» Exercise description:
With the line containing "by (simp add: algebra_simps" as the start and the line containing "(n - 2)\<bar>)" as the end, transcribe that span of the entries below exactly, including both.

» Input for this task:

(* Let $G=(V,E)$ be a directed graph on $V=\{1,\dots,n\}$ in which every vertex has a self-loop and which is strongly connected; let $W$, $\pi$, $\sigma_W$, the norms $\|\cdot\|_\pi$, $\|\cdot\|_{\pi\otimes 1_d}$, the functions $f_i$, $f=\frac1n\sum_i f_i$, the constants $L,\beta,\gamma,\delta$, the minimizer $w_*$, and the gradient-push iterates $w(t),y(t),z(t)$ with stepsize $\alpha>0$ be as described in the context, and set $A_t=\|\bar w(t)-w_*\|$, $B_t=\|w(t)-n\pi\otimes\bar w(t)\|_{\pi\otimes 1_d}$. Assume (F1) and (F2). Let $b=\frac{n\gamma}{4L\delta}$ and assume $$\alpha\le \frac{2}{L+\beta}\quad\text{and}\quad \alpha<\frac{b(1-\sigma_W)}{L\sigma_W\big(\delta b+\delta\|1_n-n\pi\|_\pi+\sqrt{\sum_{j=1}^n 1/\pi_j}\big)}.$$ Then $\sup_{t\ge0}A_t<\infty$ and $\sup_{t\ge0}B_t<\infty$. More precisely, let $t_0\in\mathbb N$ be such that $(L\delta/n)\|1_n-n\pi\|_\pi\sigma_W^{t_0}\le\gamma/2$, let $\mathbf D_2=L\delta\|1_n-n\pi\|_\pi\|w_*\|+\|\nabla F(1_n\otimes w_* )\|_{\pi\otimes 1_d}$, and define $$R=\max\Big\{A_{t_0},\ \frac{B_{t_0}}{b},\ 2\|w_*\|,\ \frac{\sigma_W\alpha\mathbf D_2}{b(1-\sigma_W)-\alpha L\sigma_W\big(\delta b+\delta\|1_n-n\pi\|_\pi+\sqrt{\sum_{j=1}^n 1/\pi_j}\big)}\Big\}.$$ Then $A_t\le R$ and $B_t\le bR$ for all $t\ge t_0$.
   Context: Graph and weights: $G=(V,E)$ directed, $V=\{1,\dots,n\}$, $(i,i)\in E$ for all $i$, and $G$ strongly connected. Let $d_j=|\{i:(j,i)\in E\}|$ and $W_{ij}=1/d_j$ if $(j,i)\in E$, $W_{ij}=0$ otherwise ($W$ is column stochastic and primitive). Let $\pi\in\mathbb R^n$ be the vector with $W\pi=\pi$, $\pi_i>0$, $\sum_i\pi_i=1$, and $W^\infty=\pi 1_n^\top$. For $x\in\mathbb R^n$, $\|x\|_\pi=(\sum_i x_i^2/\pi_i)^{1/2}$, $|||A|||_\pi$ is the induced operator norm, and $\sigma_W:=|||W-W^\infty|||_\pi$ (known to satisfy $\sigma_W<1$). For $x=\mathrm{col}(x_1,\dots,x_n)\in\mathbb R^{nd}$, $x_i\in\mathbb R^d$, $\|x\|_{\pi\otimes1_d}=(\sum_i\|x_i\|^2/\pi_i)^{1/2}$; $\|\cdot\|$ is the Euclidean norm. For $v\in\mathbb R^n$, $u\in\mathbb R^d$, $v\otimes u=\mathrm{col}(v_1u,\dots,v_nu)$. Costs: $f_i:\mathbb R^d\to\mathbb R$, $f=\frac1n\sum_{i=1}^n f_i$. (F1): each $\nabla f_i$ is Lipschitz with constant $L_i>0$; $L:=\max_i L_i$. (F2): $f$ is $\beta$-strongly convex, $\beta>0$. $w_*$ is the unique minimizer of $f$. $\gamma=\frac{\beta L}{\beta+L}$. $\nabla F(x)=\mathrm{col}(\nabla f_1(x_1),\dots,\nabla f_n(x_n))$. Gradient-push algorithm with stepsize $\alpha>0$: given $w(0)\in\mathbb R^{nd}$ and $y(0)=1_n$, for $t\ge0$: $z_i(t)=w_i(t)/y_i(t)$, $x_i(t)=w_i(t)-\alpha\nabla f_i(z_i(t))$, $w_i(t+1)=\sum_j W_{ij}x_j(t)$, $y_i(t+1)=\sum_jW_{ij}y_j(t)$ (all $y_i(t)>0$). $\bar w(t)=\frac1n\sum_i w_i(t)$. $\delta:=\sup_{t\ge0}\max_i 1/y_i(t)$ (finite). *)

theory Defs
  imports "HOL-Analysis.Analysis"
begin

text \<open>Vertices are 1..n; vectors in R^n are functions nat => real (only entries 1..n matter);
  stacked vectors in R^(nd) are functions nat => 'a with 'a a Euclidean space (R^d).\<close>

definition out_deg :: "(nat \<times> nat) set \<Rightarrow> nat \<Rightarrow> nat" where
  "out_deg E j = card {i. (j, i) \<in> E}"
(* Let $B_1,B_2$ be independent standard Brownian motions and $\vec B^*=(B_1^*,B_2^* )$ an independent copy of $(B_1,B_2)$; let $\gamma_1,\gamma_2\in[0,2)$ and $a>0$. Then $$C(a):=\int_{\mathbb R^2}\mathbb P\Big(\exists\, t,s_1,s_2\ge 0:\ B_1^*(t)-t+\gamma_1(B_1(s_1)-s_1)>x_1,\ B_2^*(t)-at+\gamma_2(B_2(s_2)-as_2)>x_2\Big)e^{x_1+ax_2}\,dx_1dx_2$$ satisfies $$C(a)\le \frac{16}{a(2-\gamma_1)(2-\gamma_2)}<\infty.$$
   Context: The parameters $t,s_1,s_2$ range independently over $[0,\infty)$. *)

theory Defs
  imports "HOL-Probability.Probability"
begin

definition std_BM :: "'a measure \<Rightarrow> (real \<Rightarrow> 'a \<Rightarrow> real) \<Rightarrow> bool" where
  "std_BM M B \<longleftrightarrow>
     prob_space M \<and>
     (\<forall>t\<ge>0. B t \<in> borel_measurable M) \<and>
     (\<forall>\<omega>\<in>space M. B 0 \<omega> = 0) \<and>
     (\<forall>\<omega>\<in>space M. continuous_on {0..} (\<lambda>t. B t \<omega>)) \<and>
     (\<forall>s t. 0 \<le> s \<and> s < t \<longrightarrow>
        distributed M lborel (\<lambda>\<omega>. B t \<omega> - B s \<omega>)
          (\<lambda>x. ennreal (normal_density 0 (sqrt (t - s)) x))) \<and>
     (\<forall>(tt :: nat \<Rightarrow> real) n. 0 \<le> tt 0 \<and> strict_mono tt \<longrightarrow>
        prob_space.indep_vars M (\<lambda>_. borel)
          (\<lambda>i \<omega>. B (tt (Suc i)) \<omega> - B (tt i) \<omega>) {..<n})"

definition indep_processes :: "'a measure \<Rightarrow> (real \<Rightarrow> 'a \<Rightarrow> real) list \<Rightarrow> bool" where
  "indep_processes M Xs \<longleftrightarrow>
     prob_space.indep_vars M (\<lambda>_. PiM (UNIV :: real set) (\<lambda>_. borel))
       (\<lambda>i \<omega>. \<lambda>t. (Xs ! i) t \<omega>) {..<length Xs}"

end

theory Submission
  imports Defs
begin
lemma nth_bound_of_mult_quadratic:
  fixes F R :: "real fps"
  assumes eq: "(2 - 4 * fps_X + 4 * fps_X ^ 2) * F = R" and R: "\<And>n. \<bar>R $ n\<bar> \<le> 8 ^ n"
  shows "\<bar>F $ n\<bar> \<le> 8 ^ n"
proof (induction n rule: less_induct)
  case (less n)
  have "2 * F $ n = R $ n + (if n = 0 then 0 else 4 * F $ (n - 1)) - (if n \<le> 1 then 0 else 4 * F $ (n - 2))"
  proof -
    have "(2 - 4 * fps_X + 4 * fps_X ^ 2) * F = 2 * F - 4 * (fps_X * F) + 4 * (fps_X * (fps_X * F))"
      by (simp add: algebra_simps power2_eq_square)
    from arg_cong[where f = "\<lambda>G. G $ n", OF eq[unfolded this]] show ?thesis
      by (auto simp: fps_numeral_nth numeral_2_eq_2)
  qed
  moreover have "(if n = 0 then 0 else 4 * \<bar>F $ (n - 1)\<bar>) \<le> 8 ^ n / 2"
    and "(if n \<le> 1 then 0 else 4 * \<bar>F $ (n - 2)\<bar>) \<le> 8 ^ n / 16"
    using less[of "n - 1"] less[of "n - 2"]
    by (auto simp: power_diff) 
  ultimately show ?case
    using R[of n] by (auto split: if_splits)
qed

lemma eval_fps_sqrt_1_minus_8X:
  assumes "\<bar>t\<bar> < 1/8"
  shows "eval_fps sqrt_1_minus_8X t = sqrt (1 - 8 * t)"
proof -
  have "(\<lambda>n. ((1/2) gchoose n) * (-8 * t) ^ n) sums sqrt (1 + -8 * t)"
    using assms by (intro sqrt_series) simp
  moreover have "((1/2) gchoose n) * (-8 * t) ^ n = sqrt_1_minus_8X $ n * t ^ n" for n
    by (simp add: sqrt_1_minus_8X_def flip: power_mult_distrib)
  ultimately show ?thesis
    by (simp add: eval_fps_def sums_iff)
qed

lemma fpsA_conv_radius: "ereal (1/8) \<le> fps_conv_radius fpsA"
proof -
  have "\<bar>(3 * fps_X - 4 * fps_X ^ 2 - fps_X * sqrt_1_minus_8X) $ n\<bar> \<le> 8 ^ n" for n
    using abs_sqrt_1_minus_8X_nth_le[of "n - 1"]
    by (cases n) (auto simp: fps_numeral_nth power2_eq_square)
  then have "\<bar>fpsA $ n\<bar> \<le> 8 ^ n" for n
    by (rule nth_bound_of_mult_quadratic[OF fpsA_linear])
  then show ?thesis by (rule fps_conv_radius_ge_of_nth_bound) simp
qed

» Completed task:
      by (simp add: algebra_simps power2_eq_square)
    from arg_cong[where f = "\<lambda>G. G $ n", OF eq[unfolded this]] show ?thesis
      by (auto simp: fps_numeral_nth numeral_2_eq_2)
  qed
  moreover have "(if n = 0 then 0 else 4 * \<bar>F $ (n - 1)\<bar>) \<le> 8 ^ n / 2"
    and "(if n \<le> 1 then 0 else 4 * \<bar>F $ (n - 2)\<bar>) \<le> 8 ^ n / 16"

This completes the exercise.